╭──

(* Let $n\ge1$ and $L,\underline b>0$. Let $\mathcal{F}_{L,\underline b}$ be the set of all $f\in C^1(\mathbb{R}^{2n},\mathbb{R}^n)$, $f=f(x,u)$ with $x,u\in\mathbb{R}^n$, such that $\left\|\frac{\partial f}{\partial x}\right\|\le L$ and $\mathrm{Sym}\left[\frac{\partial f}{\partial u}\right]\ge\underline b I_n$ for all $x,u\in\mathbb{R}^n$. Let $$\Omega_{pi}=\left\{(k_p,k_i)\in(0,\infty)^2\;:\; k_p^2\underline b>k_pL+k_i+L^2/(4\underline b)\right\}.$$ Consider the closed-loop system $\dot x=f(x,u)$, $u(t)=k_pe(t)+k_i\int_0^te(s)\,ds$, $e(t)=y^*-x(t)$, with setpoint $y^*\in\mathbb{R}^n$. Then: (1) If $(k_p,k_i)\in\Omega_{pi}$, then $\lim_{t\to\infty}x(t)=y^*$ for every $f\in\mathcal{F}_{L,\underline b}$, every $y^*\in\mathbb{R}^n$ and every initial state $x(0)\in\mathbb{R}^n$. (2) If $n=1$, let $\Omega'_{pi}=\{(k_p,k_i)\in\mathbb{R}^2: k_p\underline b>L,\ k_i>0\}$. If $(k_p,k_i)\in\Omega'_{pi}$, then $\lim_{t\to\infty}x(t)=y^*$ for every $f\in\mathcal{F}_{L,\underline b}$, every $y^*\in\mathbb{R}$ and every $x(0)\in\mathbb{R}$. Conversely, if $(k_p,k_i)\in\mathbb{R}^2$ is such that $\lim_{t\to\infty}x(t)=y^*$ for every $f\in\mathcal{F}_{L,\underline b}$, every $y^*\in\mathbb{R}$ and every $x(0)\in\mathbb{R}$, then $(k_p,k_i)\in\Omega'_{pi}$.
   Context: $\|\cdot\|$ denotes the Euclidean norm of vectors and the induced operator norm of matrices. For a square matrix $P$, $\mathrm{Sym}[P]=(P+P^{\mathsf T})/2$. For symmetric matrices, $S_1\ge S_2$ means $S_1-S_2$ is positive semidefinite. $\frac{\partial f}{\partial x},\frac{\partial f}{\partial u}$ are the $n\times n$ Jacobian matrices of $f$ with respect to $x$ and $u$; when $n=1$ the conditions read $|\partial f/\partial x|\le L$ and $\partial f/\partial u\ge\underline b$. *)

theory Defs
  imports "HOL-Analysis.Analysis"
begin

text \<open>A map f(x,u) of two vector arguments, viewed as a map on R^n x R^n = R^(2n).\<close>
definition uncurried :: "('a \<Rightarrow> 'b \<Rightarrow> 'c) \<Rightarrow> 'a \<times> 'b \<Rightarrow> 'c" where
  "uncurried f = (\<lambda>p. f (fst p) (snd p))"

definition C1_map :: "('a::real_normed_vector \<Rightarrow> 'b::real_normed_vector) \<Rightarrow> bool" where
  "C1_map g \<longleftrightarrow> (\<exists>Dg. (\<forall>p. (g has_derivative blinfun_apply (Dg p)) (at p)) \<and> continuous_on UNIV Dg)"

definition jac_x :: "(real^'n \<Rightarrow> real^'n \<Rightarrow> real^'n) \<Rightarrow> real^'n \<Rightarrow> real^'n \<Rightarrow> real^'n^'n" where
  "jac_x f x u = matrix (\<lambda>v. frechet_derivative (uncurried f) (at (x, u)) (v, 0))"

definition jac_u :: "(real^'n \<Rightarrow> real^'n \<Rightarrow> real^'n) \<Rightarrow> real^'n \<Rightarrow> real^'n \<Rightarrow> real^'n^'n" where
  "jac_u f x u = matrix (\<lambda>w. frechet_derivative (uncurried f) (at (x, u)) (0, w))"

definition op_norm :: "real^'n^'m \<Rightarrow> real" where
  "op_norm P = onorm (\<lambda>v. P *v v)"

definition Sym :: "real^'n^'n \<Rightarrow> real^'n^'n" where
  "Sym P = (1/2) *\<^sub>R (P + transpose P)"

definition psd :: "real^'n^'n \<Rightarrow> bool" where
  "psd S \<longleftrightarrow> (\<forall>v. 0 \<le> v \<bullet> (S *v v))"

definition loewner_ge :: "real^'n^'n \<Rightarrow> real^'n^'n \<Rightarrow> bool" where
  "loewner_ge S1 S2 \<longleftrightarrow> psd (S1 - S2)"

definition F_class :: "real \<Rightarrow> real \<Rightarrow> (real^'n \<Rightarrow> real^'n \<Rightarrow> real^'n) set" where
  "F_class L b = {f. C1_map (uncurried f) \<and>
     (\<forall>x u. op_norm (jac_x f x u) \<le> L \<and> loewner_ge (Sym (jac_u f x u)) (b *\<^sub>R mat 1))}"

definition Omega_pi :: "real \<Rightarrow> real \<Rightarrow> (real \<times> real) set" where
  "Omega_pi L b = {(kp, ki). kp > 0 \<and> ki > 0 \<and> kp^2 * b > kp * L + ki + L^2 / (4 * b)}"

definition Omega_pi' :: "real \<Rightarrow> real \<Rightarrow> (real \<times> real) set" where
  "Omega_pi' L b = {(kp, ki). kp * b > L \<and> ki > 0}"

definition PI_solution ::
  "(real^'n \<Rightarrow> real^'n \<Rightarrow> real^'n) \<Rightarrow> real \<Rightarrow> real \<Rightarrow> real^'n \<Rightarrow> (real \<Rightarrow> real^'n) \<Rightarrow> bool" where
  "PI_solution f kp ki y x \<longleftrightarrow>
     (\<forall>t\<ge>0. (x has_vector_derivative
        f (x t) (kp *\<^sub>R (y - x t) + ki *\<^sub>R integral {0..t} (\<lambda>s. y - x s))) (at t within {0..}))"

╰──
╭──

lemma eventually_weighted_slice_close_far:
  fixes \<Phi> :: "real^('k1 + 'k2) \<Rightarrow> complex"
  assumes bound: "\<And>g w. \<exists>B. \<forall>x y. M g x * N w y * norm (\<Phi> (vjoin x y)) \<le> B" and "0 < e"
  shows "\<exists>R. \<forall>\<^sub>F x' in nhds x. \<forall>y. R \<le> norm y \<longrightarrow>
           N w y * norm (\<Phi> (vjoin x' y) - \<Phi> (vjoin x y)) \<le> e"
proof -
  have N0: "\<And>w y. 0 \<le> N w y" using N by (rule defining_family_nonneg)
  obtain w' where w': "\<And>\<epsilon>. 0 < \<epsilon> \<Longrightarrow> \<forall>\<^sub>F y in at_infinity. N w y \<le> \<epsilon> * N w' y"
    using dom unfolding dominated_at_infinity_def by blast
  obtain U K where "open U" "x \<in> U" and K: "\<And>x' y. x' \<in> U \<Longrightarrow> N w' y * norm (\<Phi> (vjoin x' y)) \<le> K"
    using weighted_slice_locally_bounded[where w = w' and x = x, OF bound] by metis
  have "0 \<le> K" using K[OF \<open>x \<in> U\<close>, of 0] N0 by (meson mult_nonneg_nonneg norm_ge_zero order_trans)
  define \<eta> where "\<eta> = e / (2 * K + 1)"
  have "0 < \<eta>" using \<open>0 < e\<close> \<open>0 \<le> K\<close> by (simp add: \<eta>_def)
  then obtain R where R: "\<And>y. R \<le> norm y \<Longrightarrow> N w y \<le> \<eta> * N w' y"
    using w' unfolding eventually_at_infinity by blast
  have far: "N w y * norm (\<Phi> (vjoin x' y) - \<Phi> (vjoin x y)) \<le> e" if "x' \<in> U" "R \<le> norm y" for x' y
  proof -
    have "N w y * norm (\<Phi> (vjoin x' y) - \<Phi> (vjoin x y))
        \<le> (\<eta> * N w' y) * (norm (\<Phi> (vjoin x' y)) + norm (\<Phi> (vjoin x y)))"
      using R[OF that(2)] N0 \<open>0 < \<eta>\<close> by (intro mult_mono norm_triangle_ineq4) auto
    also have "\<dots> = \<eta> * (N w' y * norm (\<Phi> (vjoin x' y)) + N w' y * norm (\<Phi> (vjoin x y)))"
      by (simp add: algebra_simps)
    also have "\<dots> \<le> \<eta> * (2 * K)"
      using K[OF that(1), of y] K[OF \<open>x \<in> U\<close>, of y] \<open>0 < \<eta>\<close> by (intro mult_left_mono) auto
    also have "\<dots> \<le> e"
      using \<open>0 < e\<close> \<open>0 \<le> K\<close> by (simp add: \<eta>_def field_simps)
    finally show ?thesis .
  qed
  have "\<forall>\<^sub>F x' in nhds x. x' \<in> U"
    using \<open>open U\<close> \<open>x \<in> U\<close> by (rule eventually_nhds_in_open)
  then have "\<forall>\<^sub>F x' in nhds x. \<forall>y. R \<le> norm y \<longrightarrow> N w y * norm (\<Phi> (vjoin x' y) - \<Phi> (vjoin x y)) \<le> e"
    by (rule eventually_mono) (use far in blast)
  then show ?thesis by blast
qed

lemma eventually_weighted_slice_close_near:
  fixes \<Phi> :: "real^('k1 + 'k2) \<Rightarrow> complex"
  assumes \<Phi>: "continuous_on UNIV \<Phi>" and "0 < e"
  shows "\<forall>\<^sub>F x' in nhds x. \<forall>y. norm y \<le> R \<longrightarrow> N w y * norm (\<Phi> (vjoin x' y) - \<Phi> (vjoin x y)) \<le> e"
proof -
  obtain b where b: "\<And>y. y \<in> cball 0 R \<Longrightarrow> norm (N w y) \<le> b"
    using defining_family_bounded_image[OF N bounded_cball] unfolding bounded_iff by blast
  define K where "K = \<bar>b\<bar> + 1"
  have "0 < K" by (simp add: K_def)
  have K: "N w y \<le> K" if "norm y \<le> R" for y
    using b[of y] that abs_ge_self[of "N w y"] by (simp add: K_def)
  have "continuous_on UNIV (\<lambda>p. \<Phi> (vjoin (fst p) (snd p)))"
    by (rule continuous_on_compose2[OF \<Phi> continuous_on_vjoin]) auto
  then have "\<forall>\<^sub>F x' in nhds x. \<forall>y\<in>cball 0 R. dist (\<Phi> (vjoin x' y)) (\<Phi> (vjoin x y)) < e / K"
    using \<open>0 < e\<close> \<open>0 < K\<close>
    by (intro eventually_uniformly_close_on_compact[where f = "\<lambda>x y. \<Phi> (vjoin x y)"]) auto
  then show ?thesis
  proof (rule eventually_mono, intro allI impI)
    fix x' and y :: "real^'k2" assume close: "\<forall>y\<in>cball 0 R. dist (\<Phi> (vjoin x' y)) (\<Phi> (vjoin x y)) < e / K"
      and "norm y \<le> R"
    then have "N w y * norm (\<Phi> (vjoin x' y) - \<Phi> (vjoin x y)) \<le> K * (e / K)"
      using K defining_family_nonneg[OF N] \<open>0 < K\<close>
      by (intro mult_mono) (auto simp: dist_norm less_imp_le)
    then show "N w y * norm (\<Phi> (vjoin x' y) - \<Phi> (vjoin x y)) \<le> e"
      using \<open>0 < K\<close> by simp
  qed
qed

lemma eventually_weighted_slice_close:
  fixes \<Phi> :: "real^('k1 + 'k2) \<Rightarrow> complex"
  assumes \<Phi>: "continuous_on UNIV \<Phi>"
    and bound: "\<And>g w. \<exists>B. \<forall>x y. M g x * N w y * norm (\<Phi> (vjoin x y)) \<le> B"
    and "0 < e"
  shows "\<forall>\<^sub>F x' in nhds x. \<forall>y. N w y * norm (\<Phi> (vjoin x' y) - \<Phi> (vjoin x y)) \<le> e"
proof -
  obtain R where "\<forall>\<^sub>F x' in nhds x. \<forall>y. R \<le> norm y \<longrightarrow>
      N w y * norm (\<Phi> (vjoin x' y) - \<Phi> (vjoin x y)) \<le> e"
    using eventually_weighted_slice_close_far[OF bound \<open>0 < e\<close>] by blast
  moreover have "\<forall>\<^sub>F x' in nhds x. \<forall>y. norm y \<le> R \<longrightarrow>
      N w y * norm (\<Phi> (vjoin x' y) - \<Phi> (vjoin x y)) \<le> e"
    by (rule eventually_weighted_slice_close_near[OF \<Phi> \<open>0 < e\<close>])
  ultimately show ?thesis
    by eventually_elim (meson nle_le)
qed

╰──
╭──

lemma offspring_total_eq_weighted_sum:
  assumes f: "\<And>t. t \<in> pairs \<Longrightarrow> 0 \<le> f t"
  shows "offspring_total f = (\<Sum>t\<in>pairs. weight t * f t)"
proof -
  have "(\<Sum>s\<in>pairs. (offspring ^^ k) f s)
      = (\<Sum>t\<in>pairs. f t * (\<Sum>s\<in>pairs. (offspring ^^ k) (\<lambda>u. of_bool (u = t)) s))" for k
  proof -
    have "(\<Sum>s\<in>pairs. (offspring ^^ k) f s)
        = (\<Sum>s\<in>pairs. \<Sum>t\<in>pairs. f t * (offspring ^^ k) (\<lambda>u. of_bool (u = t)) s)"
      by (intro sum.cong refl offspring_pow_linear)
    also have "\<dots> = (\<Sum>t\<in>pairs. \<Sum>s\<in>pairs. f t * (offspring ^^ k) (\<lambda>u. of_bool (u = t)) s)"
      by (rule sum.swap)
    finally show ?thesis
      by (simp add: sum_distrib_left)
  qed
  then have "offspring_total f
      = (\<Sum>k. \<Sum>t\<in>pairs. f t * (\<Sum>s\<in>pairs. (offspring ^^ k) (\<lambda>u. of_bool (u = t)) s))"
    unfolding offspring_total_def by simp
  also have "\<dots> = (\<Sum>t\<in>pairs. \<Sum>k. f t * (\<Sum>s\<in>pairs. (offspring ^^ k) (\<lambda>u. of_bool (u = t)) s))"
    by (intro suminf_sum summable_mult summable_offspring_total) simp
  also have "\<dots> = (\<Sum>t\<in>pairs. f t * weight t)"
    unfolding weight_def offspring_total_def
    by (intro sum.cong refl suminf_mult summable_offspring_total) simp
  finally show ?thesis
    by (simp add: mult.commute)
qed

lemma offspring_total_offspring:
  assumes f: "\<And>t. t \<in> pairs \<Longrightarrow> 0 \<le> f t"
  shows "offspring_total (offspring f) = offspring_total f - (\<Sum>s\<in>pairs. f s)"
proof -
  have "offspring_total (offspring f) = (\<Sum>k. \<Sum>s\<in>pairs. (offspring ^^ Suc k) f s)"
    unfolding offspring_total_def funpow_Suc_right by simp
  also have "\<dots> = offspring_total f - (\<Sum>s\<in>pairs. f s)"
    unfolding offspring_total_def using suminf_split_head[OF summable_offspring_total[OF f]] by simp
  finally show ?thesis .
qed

╰──

(Exercise instructions)
Report each line in the entries where the string "longleftrightarrow" occurs.

(Answer for this exercise)
  "C1_map g \<longleftrightarrow> (\<exists>Dg. (\<forall>p. (g has_derivative blinfun_apply (Dg p)) (at p)) \<and> continuous_on UNIV Dg)"
  "psd S \<longleftrightarrow> (\<forall>v. 0 \<le> v \<bullet> (S *v v))"
  "loewner_ge S1 S2 \<longleftrightarrow> psd (S1 - S2)"
  "PI_solution f kp ki y x \<longleftrightarrow>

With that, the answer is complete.